Despite election coverage and coronavirus dominating the headlines, Snowflake’s recent IPO still managed to capture attention from the masses. Two days after its initial offering, Snowflake’s shares doubled — making it the biggest software IPO of all time.
Some experts contemplated whether their unprecedented Wall Street debut was a sign of the times or a true indication of their value. As we move into October, all signs point to the latter. And for those of us who have worked with Snowflake’s platform — their success is not surprising.
The more important thing we should focus on is what Snowflake’s success reveals about business needs and what that means for the future of data as we know it. Let’s break down some key takeaways from Snowflake’s unprecedented success.
How Snowflake solved the first half of the data problem
Several years back, Snowflake recognized where the market was headed — the cloud. They pioneered a new architecture for cloud data warehouses that allowed companies to keep storage costs low and scale their compute with their business needs. Snowflake built a data solution that gave companies the ability to harness the power of their data without the red tape.
For the vast majority of Saas companies, accessible data is essential to product functionality and optimization. But historically, being able to leverage user data has been challenging — derived from many different sources and difficult to streamline.
Beyond the data accessibility issue, data warehouses are complex and require a dedicated resource to learn and manage. Snowflake recognized this disadvantage and instead built their database engine in a cloud-first way that allowed companies to get started easily. By doing this, Snowflake eliminated data gatekeeping and empowered engineering teams to take control of their data.
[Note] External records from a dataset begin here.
(* Let $K$ be a field of characteristic zero, $\mathfrak{g}$ a finite-dimensional Lie algebra over $K$, $\mathfrak{g}_1$ an ideal of codimension one in $\mathfrak{g}$, and $f,f'\in\mathfrak{g}^*$ with restrictions $f_1=f|_{\mathfrak{g}_1}$, $f'_1=f'|_{\mathfrak{g}_1}$. Let $\mathfrak{p}_1$ be a subalgebra of $\mathfrak{g}_1$ that is a polarization of both $f_1$ and $f'_1$ in $\mathfrak{g}_1$, and suppose $f|_{\mathfrak{p}_1}=f'|_{\mathfrak{p}_1}$. Let $\mathfrak{p}$ be a polarization of $f$ and $\mathfrak{p}'$ a polarization of $f'$ in $\mathfrak{g}$ such that $\mathfrak{p}\cap\mathfrak{g}_1=\mathfrak{p}'\cap\mathfrak{g}_1=\mathfrak{p}_1$. Then $\mathfrak{p}=\mathfrak{p}'$.
   Context: For a Lie algebra $\mathfrak{a}$ and $\varphi\in\mathfrak{a}^*$, a polarization of $\varphi$ in $\mathfrak{a}$ is a Lie subalgebra $\mathfrak{p}\subseteq\mathfrak{a}$ with $\varphi([\mathfrak{p},\mathfrak{p}])=0$ and $\dim\mathfrak{p}=\frac12(\dim\mathfrak{a}+\dim\mathfrak{a}^{\varphi})$, where $\mathfrak{a}^\varphi=\{x\in\mathfrak{a}\mid \varphi([x,\mathfrak{a}])=0\}$. *)

theory Defs
  imports Complex_Main
begin
(* Consider full-batch Noisy-SGD ($\mathcal{B}_t=\mathcal{B}_t'=[n]$) on adjacent datasets $\mathcal{D},\mathcal{D}'$ with iterates $W_t,W_t'$ and $W_0=W_0'$. Assume $\nabla\ell_i,\nabla\ell_i'$ are $(L,\lambda)$-Hölder continuous on $\mathcal{K}$ for all $i\in[n]$, with $L\ge0$, $\lambda\in(0,1]$. Let $g(x;M)=x+Mx^\lambda$. Then for all $t\ge0$, $$W_\infty(W_t,W_t')\le\min(D_t,D),\qquad D_t=\min\big(g(D_{t-1};\eta L)+2\eta K/n,\ D_{t-1}+2\eta K\big),\quad D_0=0.$$
   Context: Setting (Noisy-SGD). Let $\mathcal{K}\subset\mathbb{R}^d$ be a nonempty closed convex set of diameter $D$, $\Pi_{\mathcal{K}}$ the Euclidean projection. Let $\ell(\cdot;d)$, $d\in\mathcal{X}$, be differentiable losses on $\mathcal{K}$; for $\mathcal{D}=(d_1,\dots,d_n)$ write $\ell_i=\ell(\cdot;d_i)$, and $\ell_i'=\ell(\cdot;d_i')$ for $\mathcal{D}'$. $\Pi_{B_K}(v)=v\min(1,K/\|v\|)$. Noisy-SGD: $W_{t+1}=\Pi_{\mathcal{K}}\big[W_t-\eta\frac1b\sum_{i\in\mathcal{B}_t}\Pi_{B_K}[\nabla\ell_i(W_t)]+G_t\big]$, $G_t$ i.i.d. $N(0,\sigma^2I_d)$; $W_t'$ analogously on $\mathcal{D}'$. Adjacent datasets differ in exactly one index. $(L,\lambda)$-Hölder: $\|f(w)-f(w')\|\le L\|w-w'\|^\lambda$. $W_\infty(\mu,\nu)=\inf_{\gamma\in\Gamma(\mu,\nu)}\operatorname{ess\,sup}_{(X,Y)\sim\gamma}\|X-Y\|$ over couplings, applied to the laws of $W_t,W_t'$. *)

theory Defs
  imports "HOL-Analysis.Analysis" "HOL-Probability.Probability"
begin

definition clip :: "real \<Rightarrow> 'a::real_normed_vector \<Rightarrow> 'a" where
  "clip Kc v = min 1 (Kc / norm v) *\<^sub>R v"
Snowflake’s success lies in building a ready-to-use data warehouse in a SaaS format. Basically — they took the typical data warehouse model and flipped it on its head. By utilizing the cloud, Snowflake built a platform that was fast, user-friendly, and easily accessible. Now, companies can make the valuable data they collect even more actionable across their business.
Recognizing the other half of the data problem
With Snowflake, data teams can now easily streamline and share their data across their organization to glean valuable insights that influence important decisions. The one thing that’s missing? The ability to extend those data insights to the non-technical members across the organization.
Most companies will invest in one or more BI tools to use as their visualization layer on top of Snowflake.. But those BI tools are still largely based in SQL — a coding language with a steep learning curve for business users.
Basically, Snowflake solved the data accessibility issue for engineers. Even as companies scale Snowflake across their business lines,the vast majority of business users are still not equipped with the technical skills to leverage this data. Popular tools like Looker and Tableau have dashboards that are more user friendly, but that requires a lot of technical leg work on the back end and is typically only a prebuilt dashboard or view with some filtering capabilities.
If a question arises that hasn’t been pre-modeled, the process usually turns into a painful back and forth between IT and the business to get to the right data. The end result is often an export to a spreadsheet where the business user is most comfortable. Unfortunately, at this point, a new set of pain points emerge around the ability to operationalize that data.
Using spreadsheets to maximize your Snowflake investment
This is where connected spreadsheets come in. Most companies use a combination of spreadsheets and BI tools to analyze their data. The problem? They’re not currently connected to Snowflake so the data becomes stale as soon as it’s exported.
Spreadsheets are the most ubiquitous tool used in business. Imagine the capabilities if they were connected to Snowflake and the business teams could answer their most pressing questions without ever leaving their spreadsheet.. It’s time to make this a reality and finally empower our teams to have full, unrestricted access to data regardless of technical ability.
Snowflake + Connected Spreadsheets = Match made in heaven
Snowflake has validated cloud companies and the importance of accessible data. But if that data is exported to an offline spreadsheet and manipulated, are you really any better off?
Connecting Snowflake to spreadsheets is the only way to make it truly accessible to your entire organization while also maintaining its integrity. Business users will finally have the insights they need in a format they understand. Then, they can finally harness the true power of the incredible technology that Snowflake built.